+++ Recorded information +++
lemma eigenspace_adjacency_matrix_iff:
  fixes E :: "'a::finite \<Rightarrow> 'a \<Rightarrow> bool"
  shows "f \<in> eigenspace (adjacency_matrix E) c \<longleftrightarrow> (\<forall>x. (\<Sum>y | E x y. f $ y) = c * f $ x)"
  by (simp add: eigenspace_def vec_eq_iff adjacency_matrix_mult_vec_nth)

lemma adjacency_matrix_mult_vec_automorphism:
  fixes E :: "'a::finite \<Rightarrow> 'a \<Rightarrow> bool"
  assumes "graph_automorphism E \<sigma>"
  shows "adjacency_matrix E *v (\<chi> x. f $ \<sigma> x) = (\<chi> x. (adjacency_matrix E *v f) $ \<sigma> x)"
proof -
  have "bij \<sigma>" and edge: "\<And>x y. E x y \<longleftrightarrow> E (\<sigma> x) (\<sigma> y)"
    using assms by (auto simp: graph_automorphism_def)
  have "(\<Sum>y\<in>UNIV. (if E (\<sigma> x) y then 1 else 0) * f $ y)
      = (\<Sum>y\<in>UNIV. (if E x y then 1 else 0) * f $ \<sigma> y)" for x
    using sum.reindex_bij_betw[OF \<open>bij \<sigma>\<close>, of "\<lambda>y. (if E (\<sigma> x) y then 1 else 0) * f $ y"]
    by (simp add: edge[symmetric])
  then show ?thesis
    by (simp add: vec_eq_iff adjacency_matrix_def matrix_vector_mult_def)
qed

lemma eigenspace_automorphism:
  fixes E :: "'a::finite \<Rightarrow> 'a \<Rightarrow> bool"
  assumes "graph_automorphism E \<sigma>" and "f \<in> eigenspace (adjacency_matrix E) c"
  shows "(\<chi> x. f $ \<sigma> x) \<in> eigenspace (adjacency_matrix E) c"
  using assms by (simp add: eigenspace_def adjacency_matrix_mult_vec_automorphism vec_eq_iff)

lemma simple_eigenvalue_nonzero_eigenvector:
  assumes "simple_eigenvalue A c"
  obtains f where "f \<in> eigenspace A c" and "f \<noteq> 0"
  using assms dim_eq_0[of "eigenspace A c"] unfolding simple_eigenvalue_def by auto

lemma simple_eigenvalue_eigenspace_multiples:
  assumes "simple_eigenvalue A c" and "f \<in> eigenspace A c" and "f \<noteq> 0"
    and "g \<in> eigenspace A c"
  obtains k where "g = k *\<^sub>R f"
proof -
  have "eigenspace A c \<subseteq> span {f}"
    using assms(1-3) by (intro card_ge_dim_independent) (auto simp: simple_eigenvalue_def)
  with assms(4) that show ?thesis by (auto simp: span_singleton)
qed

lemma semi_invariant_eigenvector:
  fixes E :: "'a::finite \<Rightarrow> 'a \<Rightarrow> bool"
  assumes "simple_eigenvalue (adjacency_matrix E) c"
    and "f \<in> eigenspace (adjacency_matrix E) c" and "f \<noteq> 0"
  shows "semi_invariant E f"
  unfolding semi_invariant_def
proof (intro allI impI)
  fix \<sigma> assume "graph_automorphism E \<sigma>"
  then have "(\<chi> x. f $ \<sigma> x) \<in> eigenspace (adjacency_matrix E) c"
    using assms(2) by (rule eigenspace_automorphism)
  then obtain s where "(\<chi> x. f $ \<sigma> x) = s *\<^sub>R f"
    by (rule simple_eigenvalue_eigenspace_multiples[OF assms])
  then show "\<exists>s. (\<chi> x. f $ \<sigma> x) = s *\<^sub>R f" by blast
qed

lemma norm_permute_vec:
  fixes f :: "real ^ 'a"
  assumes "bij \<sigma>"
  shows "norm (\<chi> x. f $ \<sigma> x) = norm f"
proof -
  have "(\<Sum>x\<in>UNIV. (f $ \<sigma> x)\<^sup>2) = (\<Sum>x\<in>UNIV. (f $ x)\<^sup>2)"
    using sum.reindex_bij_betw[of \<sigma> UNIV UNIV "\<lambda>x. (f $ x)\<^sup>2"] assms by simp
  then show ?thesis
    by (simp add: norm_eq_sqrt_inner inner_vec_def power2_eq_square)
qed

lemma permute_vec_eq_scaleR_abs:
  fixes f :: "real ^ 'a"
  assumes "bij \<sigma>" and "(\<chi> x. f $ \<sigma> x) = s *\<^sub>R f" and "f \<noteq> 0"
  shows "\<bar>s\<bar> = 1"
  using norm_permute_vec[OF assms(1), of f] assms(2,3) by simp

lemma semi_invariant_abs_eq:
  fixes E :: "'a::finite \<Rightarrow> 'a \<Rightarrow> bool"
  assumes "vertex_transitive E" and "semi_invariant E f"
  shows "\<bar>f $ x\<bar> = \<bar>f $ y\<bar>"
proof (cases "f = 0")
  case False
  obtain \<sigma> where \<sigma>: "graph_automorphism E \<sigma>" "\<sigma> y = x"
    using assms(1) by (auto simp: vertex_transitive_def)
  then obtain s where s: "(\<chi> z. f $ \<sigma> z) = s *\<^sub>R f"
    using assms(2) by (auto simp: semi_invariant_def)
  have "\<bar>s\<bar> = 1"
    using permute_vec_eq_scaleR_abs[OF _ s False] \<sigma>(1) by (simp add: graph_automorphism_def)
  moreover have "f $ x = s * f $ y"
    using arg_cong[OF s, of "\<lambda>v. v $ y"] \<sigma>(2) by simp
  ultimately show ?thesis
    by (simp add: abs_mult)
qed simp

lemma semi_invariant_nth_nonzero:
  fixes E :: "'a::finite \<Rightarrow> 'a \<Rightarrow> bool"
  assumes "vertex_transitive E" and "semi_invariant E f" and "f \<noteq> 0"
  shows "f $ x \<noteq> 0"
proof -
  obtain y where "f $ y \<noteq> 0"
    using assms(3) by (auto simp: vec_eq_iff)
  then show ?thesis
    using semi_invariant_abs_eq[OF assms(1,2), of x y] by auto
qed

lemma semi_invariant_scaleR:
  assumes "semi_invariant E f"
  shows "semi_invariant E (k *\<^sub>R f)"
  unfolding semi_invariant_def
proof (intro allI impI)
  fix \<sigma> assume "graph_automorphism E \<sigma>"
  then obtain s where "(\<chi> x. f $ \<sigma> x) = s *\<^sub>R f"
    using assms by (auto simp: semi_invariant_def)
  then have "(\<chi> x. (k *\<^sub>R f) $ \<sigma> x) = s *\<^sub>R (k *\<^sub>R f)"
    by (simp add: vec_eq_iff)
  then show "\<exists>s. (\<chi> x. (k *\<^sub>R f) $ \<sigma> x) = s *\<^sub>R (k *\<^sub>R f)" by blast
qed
+++
+++ Recorded information +++
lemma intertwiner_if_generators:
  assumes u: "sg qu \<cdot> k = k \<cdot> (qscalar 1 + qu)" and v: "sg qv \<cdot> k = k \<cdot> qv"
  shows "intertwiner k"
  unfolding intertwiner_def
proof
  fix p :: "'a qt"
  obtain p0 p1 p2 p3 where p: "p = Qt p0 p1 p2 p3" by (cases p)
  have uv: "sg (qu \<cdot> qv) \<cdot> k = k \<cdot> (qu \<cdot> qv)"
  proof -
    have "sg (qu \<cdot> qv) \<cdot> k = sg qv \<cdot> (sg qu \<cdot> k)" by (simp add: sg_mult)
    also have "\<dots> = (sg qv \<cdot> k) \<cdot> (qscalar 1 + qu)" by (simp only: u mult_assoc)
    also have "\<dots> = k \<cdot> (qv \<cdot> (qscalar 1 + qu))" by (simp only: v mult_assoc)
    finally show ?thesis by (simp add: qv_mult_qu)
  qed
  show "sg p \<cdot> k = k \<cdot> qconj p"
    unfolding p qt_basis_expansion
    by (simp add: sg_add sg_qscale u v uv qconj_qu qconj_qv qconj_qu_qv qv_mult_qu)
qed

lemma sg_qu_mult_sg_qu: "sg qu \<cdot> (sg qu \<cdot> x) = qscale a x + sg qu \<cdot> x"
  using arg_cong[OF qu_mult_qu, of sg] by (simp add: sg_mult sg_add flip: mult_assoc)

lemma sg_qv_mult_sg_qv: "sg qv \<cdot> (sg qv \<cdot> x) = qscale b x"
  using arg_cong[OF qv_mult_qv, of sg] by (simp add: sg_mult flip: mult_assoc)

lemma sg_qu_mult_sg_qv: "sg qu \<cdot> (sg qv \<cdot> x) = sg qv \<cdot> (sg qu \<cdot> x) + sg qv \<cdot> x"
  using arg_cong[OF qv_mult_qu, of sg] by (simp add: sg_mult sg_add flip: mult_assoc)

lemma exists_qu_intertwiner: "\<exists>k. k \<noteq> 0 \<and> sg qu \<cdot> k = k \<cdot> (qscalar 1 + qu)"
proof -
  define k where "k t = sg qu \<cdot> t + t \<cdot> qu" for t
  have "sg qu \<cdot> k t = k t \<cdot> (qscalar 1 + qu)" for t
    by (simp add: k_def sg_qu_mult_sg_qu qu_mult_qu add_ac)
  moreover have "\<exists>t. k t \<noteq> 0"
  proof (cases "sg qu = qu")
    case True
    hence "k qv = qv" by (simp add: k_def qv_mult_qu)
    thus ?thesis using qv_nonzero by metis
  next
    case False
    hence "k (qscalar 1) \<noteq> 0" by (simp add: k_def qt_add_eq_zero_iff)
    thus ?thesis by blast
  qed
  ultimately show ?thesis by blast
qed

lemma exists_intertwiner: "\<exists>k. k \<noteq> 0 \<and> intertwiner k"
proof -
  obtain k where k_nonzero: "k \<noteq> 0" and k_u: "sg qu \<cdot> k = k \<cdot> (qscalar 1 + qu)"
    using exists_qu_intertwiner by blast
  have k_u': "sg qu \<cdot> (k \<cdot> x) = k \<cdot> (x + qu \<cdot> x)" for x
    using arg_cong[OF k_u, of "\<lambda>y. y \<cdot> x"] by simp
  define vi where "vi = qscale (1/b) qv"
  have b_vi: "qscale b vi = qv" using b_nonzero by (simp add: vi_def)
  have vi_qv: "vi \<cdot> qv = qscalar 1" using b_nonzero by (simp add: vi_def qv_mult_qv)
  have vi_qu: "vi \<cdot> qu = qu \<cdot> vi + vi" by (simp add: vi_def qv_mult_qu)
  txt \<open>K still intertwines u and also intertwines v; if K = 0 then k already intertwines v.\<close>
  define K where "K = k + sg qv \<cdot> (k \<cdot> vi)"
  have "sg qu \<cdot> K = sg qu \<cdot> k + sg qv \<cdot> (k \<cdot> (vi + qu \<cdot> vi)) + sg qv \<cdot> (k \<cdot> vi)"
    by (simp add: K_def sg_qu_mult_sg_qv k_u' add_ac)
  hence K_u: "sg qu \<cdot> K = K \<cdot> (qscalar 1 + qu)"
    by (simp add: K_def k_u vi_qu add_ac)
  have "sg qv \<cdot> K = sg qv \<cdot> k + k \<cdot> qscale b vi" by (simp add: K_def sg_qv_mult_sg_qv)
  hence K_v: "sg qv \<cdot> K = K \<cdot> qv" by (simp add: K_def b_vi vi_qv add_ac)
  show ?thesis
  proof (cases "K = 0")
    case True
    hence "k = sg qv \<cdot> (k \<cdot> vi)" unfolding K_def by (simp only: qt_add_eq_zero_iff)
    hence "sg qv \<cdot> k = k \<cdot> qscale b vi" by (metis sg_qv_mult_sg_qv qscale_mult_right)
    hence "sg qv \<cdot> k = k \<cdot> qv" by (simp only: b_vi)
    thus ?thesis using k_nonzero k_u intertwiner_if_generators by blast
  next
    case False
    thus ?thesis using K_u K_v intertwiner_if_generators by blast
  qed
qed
+++
## Requirement
The answer must consist of each line from the entries that contains the string "blast".

## The answer
  then show "\<exists>s. (\<chi> x. f $ \<sigma> x) = s *\<^sub>R f" by blast
  then show "\<exists>s. (\<chi> x. (k *\<^sub>R f) $ \<sigma> x) = s *\<^sub>R (k *\<^sub>R f)" by blast
    thus ?thesis by blast
  ultimately show ?thesis by blast
    using exists_qu_intertwiner by blast
    thus ?thesis using k_nonzero k_u intertwiner_if_generators by blast
    thus ?thesis using K_u K_v intertwiner_if_generators by blast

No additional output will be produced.